I had the pleasure of joining my colleagues Pat Jurgens and Jeremy Piccoli for our second Global Tax Chat of the year. We traveled virtually around the world to explore the latest tax changes impacting global mobility. From regional updates in Malaysia and the Netherlands to key developments in the U.S., there was no shortage of important takeaways for mobility professionals.

If you weren’t able to join us live, don’t worry—the session was recorded and is available to watch on demand.

Global Tax Updates

Malaysia: New EPF Contributions for Foreign Nationals

Malaysia’s recent amendment to its Employee Provident Fund (EPF) introduces mandatory contributions for foreign national employees—2% from the employee and 2% from the employer. Historically, expatriates in Malaysia were exempt, but beginning in Q4 2025, all inbound assignments will see a baseline cost increase of 4%. This is especially impactful for companies sending talent into a country without totalization agreements in place, where pension obligations add directly to assignment expenses. Organizations should begin factoring this into their cost planning strategies now.

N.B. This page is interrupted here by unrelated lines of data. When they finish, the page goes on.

(* Let $F=A^\sharp\circ B\circ P$, where $A\in\mathbb{T}^{m\times n}$ has at least one finite entry per column, $B\in\mathbb{T}^{m\times q}$ has at least one finite entry per row, the finite entries of $A,B$ are integers, and $P\in\mathbb{R}^{q\times n}$ is row-stochastic with $P_{il}=Q_{il}/M$ for integers $Q_{il}$ and a positive integer $M$. Suppose $F$ has a bias vector, and let $v^\ast$ be its Blackwell bias. Then \[ R(F)\le\|v^\ast\|_H\le 10\,n^2\,W\,M^{\min\{k,n-1\}}, \] where $k$ is the number of nondeterministic states.
   Context: $\mathbb{T}=\mathbb{R}\cup\{-\infty\}$; $\mathbb{0}=-\infty$. For $C\in\mathbb{T}^{r\times s}$: $(C\odot z)_i=\max_j(C_{ij}+z_j)$; $C^\sharp(y)_j=\min_i(-C_{ij}+y_i)$ with $(+\infty)+(-\infty)=+\infty$; $Pz$ is the usual product with $0\cdot(-\infty)=0$; so $F(x)=A^\sharp(B\odot(Px))$ maps $\mathbb{R}^n$ to $\mathbb{R}^n$. $W=\max\{|A_{ij}-B_{ih}|: A_{ij}\ne-\infty,\ B_{ih}\ne-\infty,\ i\in[m],\ j\in[n],\ h\in[q]\}$. A state $i\in[q]$ is nondeterministic if $P_{il}>0$ and $P_{il'}>0$ for some $l\ne l'$. $\|x\|_H=\max_i x_i-\min_i x_i$. A bias vector is $v\in\mathbb{R}^n$ with $F(v)=\lambda+v$ for some $\lambda\in\mathbb{R}$; $\lambda=\rho(F)$ is unique (ergodic constant). $R(F)=\inf\{\|u\|_H: u\in\mathbb{R}^n,\ F(u)=\rho(F)+u\}$. For $0<\alpha<1$, $v_\alpha\in\mathbb{R}^n$ denotes the unique solution of $v_\alpha=F(\alpha v_\alpha)$ (value of the discounted game); the limit $v^\ast=\lim_{\alpha\to1^-}\bigl(v_\alpha-\rho(F)/(1-\alpha)\bigr)$ exists and is a bias vector, called the Blackwell bias. *)

theory Defs
  imports "HOL-Analysis.Analysis"
begin

text \<open>Tropical numbers are represented in ereal; entries of tropical matrices are
  required (by hypothesis) to differ from PInfty. Vectors in R^n are real^'n.\<close>

definition trop_mul :: "ereal^'q^'m \<Rightarrow> real^'q \<Rightarrow> ereal^'m" where
  "trop_mul C z = (\<chi> i. Max (range (\<lambda>h. C$i$h + ereal (z$h))))"

text \<open>C^sharp(y)_j = min_i (-C_ij + y_i); ereal addition satisfies
  PInfty + MInfty = PInfty, matching the convention.\<close>
definition trop_sharp :: "ereal^'n^'m \<Rightarrow> ereal^'m \<Rightarrow> ereal^'n" where
  "trop_sharp C y = (\<chi> j. Min (range (\<lambda>i. - C$i$j + y$i)))"

definition shapley :: "ereal^'n^'m \<Rightarrow> ereal^'q^'m \<Rightarrow> real^'n^'q \<Rightarrow> real^'n \<Rightarrow> real^'n" where
  "shapley A B P x = (\<chi> j. real_of_ereal (trop_sharp A (trop_mul B (P *v x)) $ j))"
lemma picard_step_bcontfun:
  assumes G: "continuous_on UNIV G" and bnd: "\<And>x. norm (G x) \<le> B"
    and "\<delta> \<ge> 0" and u: "continuous_on UNIV u"
  shows "picard_step G y0 \<delta> u \<in> bcontfun"
proof (rule bcontfun_normI)
  have clamp: "max 0 (min \<delta> t) \<in> {0..\<delta>}" for t using \<open>\<delta> \<ge> 0\<close> by auto
  have Gu: "continuous_on {0..\<delta>} (\<lambda>s. G (u s))"
    by (rule continuous_on_compose2[OF G continuous_on_subset[OF u]]) auto
  have "continuous_on {0..\<delta>} (\<lambda>x. integral {0..x} (\<lambda>s. G (u s)))"
    by (rule indefinite_integral_continuous_1) (rule integrable_continuous_real[OF Gu])
  then have "continuous_on UNIV (\<lambda>t. integral {0..max 0 (min \<delta> t)} (\<lambda>s. G (u s)))"
    by (rule continuous_on_compose2[of _ _ _ "\<lambda>t. max 0 (min \<delta> t)"])
       (use \<open>\<delta> \<ge> 0\<close> in \<open>auto intro!: continuous_intros simp: image_subset_iff\<close>)
  then show "continuous_on UNIV (picard_step G y0 \<delta> u)"
    unfolding picard_step_def by (intro continuous_intros)
  fix t
  have "{0..max 0 (min \<delta> t)} \<subseteq> {0..\<delta>}" using clamp[of t] by auto
  then have "norm (integral {0..max 0 (min \<delta> t)} (\<lambda>s. G (u s))) \<le> B * (max 0 (min \<delta> t) - 0)"
    by (intro integral_bound continuous_on_subset[OF Gu]) (use clamp[of t] bnd in auto)
  also have "\<dots> \<le> \<bar>B\<bar> * \<delta>" using clamp[of t] by (intro mult_mono) auto
  finally show "norm (picard_step G y0 \<delta> u t) \<le> norm y0 + \<bar>B\<bar> * \<delta>"
    unfolding picard_step_def by (meson add_left_mono norm_triangle_ineq order_trans)
qed

lemma picard_step_dist:
  fixes f g :: "real \<Rightarrow>\<^sub>C 'a::euclidean_space"
  assumes lip: "L-lipschitz_on UNIV G" and "\<delta> \<ge> 0"
  shows "dist (picard_step G y0 \<delta> f t) (picard_step G y0 \<delta> g t) \<le> (L * \<delta>) * dist f g"
proof -
  have L: "L \<ge> 0" using lipschitz_on_nonneg[OF lip] .
  have G: "continuous_on UNIV G" using lipschitz_on_continuous_on[OF lip] .
  define c where "c = max 0 (min \<delta> t)"
  have c: "0 \<le> c" "c \<le> \<delta>" using \<open>\<delta> \<ge> 0\<close> by (auto simp: c_def)
  have integrable: "(\<lambda>s. G (apply_bcontfun h s)) integrable_on {0..c}" for h
    by (intro integrable_continuous_real continuous_on_compose2[OF G]) auto
  have "dist (picard_step G y0 \<delta> f t) (picard_step G y0 \<delta> g t) = norm (integral {0..c} (\<lambda>s. G (f s) - G (g s)))"
    unfolding picard_step_def c_def[symmetric] dist_norm by (simp add: integral_diff[OF integrable integrable])
  also have "\<dots> \<le> (L * dist f g) * (c - 0)"
  proof (rule integral_bound)
    show "continuous_on {0..c} (\<lambda>s. G (f s) - G (g s))"
      by (intro continuous_intros continuous_on_compose2[OF G]) auto
    fix s
    have "norm (G (f s) - G (g s)) \<le> L * dist (f s) (g s)"
      using lipschitz_onD[OF lip] by (simp add: dist_norm)
    also have "\<dots> \<le> L * dist f g" using dist_bounded L by (rule mult_left_mono)
    finally show "norm (G (f s) - G (g s)) \<le> L * dist f g" .
  qed (use c in auto)
  also have "\<dots> \<le> (L * dist f g) * \<delta>" using c L by (intro mult_left_mono) auto
  finally show ?thesis by (simp add: ac_simps)
qed

lemma picard_integral_equation:
  fixes G :: "'a::euclidean_space \<Rightarrow> 'a"
  assumes lip: "L-lipschitz_on UNIV G" and bnd: "\<And>x. norm (G x) \<le> B"
    and "\<delta> \<ge> 0" and small: "L * \<delta> \<le> 1/2"
  obtains y where "continuous_on UNIV y" "\<And>t. t \<in> {0..\<delta>} \<Longrightarrow> y t = y0 + integral {0..t} (\<lambda>s. G (y s))"
proof -
  have G: "continuous_on UNIV G" using lipschitz_on_continuous_on[OF lip] .
  define \<Phi> :: "(real \<Rightarrow>\<^sub>C 'a) \<Rightarrow> (real \<Rightarrow>\<^sub>C 'a)" where "\<Phi> f = Bcontfun (picard_step G y0 \<delta> f)" for f
  have \<Phi>_apply: "apply_bcontfun (\<Phi> f) = picard_step G y0 \<delta> f" for f
    unfolding \<Phi>_def by (rule Bcontfun_inverse[OF picard_step_bcontfun[OF G bnd \<open>\<delta> \<ge> 0\<close>]]) simp
  have "\<forall>f g. dist (\<Phi> f) (\<Phi> g) \<le> 1/2 * dist f g"
  proof (intro allI dist_bound)
    fix f g t
    have "dist (\<Phi> f t) (\<Phi> g t) \<le> (L * \<delta>) * dist f g"
      unfolding \<Phi>_apply by (rule picard_step_dist[OF lip \<open>\<delta> \<ge> 0\<close>])
    also have "\<dots> \<le> 1/2 * dist f g" using small by (intro mult_right_mono) auto
    finally show "dist (\<Phi> f t) (\<Phi> g t) \<le> 1/2 * dist f g" .
  qed
  then obtain f where "\<Phi> f = f"
    using banach_fix_type[of "1/2" \<Phi>] by auto
  then have fixed: "apply_bcontfun f = picard_step G y0 \<delta> f"
    using \<Phi>_apply[of f] by simp
  show ?thesis
  proof (rule that)
    show "continuous_on UNIV (apply_bcontfun f)" by simp
    fix t assume "t \<in> {0..\<delta>}"
    then show "apply_bcontfun f t = y0 + integral {0..t} (\<lambda>s. G (apply_bcontfun f s))"
      by (subst fixed) (simp add: picard_step_def)
  qed
qed
(* Let $p$ be a prime and $n=p^{d_1}+\cdots+p^{d_k}$ with integers $0\le d_1<\cdots<d_k$ and $k>1$. Let \[ P:=\Bigl\{\overline{U}: \emptyset\ne U\subsetneq\{p^{d_1},\ldots,p^{d_k}\}\Bigr\}, \] where $\overline U$ is the sum of the elements of $U$, partially ordered by $\overline U\preccurlyeq\overline V$ iff $U\subseteq V$. For $T\subseteq P$ (viewed as a subposet), let $\chi(T)$ be the number of chains in $T$ of even cardinality minus the number of chains in $T$ of odd cardinality (the empty chain counts as a chain of cardinality $0$). Then \[ c_{p,i}(n)=\begin{cases} 2^{n-2^k+1}\,|\{T\subseteq P:\chi(T)\equiv i\pmod p\}| & \text{if } p=2 \text{ or } i=0,\\ 2^{n-2^k}\,|\{T\subseteq P:\chi(T)\equiv i \text{ or } \chi(T)\equiv -i\pmod p\}| & \text{if } p>2 \text{ and } i\in\{1,\ldots,p-1\}.\end{cases} \]
   Context: For a permutation $w$ of $[n]$, $D(w)=\{i\in[n-1]: w(i)>w(i+1)\}$. A composition $\alpha=(\alpha_1,\ldots,\alpha_\ell)$ of $n$ (written $\alpha\models n$) is a sequence of positive integers with sum $n$, with descent set $D(\alpha)=\{\alpha_1,\alpha_1+\alpha_2,\ldots,\alpha_1+\cdots+\alpha_{\ell-1}\}$. The ribbon number is $r_\alpha=|\{w\in\mathfrak{S}_n: D(w)=D(\alpha)\}|$, and for $i\in\mathbb{Z}_p$, $c_{p,i}(n)=|\{\alpha\models n: r_\alpha\equiv i\pmod p\}|$. A chain in a poset is a subset whose elements are pairwise comparable. *)

theory Defs
  imports "HOL-Combinatorics.Permutations" "HOL-Number_Theory.Cong"
begin

definition perm_descents :: "nat \<Rightarrow> (nat \<Rightarrow> nat) \<Rightarrow> nat set" where
  "perm_descents n w = {i \<in> {1..<n}. w i > w (Suc i)}"

definition compositions :: "nat \<Rightarrow> nat list set" where
  "compositions n = {\<alpha>. (\<forall>a\<in>set \<alpha>. 0 < a) \<and> sum_list \<alpha> = n}"

definition comp_descents :: "nat list \<Rightarrow> nat set" where
  "comp_descents \<alpha> = {sum_list (take j \<alpha>) | j. 1 \<le> j \<and> j < length \<alpha>}"

definition ribbon :: "nat list \<Rightarrow> nat" where
  "ribbon \<alpha> = card {w. w permutes {1..sum_list \<alpha>} \<and>
      perm_descents (sum_list \<alpha>) w = comp_descents \<alpha>}"

definition c_count :: "nat \<Rightarrow> nat \<Rightarrow> nat \<Rightarrow> nat" where
  "c_count p i n = card {\<alpha> \<in> compositions n. [ribbon \<alpha> = i] (mod p)}"

definition Pset :: "nat set \<Rightarrow> nat set" where
  "Pset S = {\<Sum>U | U. U \<noteq> {} \<and> U \<subset> S}"

definition Ple :: "nat set \<Rightarrow> nat \<Rightarrow> nat \<Rightarrow> bool" where
  "Ple S x y \<longleftrightarrow> (\<exists>U V. U \<noteq> {} \<and> U \<subset> S \<and> V \<noteq> {} \<and> V \<subset> S \<and>
      x = \<Sum>U \<and> y = \<Sum>V \<and> U \<subseteq> V)"

definition is_chain_in :: "nat set \<Rightarrow> nat set \<Rightarrow> nat set \<Rightarrow> bool" where
  "is_chain_in S T C \<longleftrightarrow> C \<subseteq> T \<and> (\<forall>x\<in>C. \<forall>y\<in>C. Ple S x y \<or> Ple S y x)"

definition chi :: "nat set \<Rightarrow> nat set \<Rightarrow> int" where
  "chi S T = (\<Sum>C \<in> {C. is_chain_in S T C}. (-1) ^ card C)"

end

(* Let Q be the set of the powers p^d_j, so that n is the sum of Q. A composition of n is
   determined by its descent set D, a subset of {1..<n}, and its ribbon number counts the
   permutations with descent set exactly D. By inclusion-exclusion this is an alternating sum,
   over T contained in D, of the numbers of permutations with descents inside T; the latter are
   multinomial coefficients, i.e. products of binomial coefficients with upper index n and
   smaller. As n has base-p digits 0 and 1 only, Lucas' theorem makes each factor 0 or 1 modulo
   p, and the product is 1 exactly when T is the set of sums of a chain of subsets of Q, i.e. a
   chain of the poset P. Hence the ribbon number is congruent to (-1)^|D| chi(D inter P).
   Splitting D into its parts inside and outside P gives the count: for p = 2 or i = 0 the sign
   is irrelevant, and otherwise the parity of the part outside P, which is nonempty for odd p,
   decides between i and -i, each occurring for half of its choices. *)

theory Submission
  imports Defs "HOL-Combinatorics.Multiset_Permutations"
begin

United Kingdom: Enter the FIG Regime

In the UK, we said goodbye to the non-dom regime and hello to the Foreign Income and Gains (FIG) scheme. This policy allows eligible individuals to exclude certain types of foreign income and capital gains for up to four years, while also offering Overseas Workday Relief for time spent working outside the UK. However, this benefit comes with increased compliance complexity. Annual elections are required, additional disclosures must be made on UK tax returns, and personal allowances are forfeited. While the regime aims to attract inbound talent, employers and mobility managers will need to navigate these new administrative demands with care.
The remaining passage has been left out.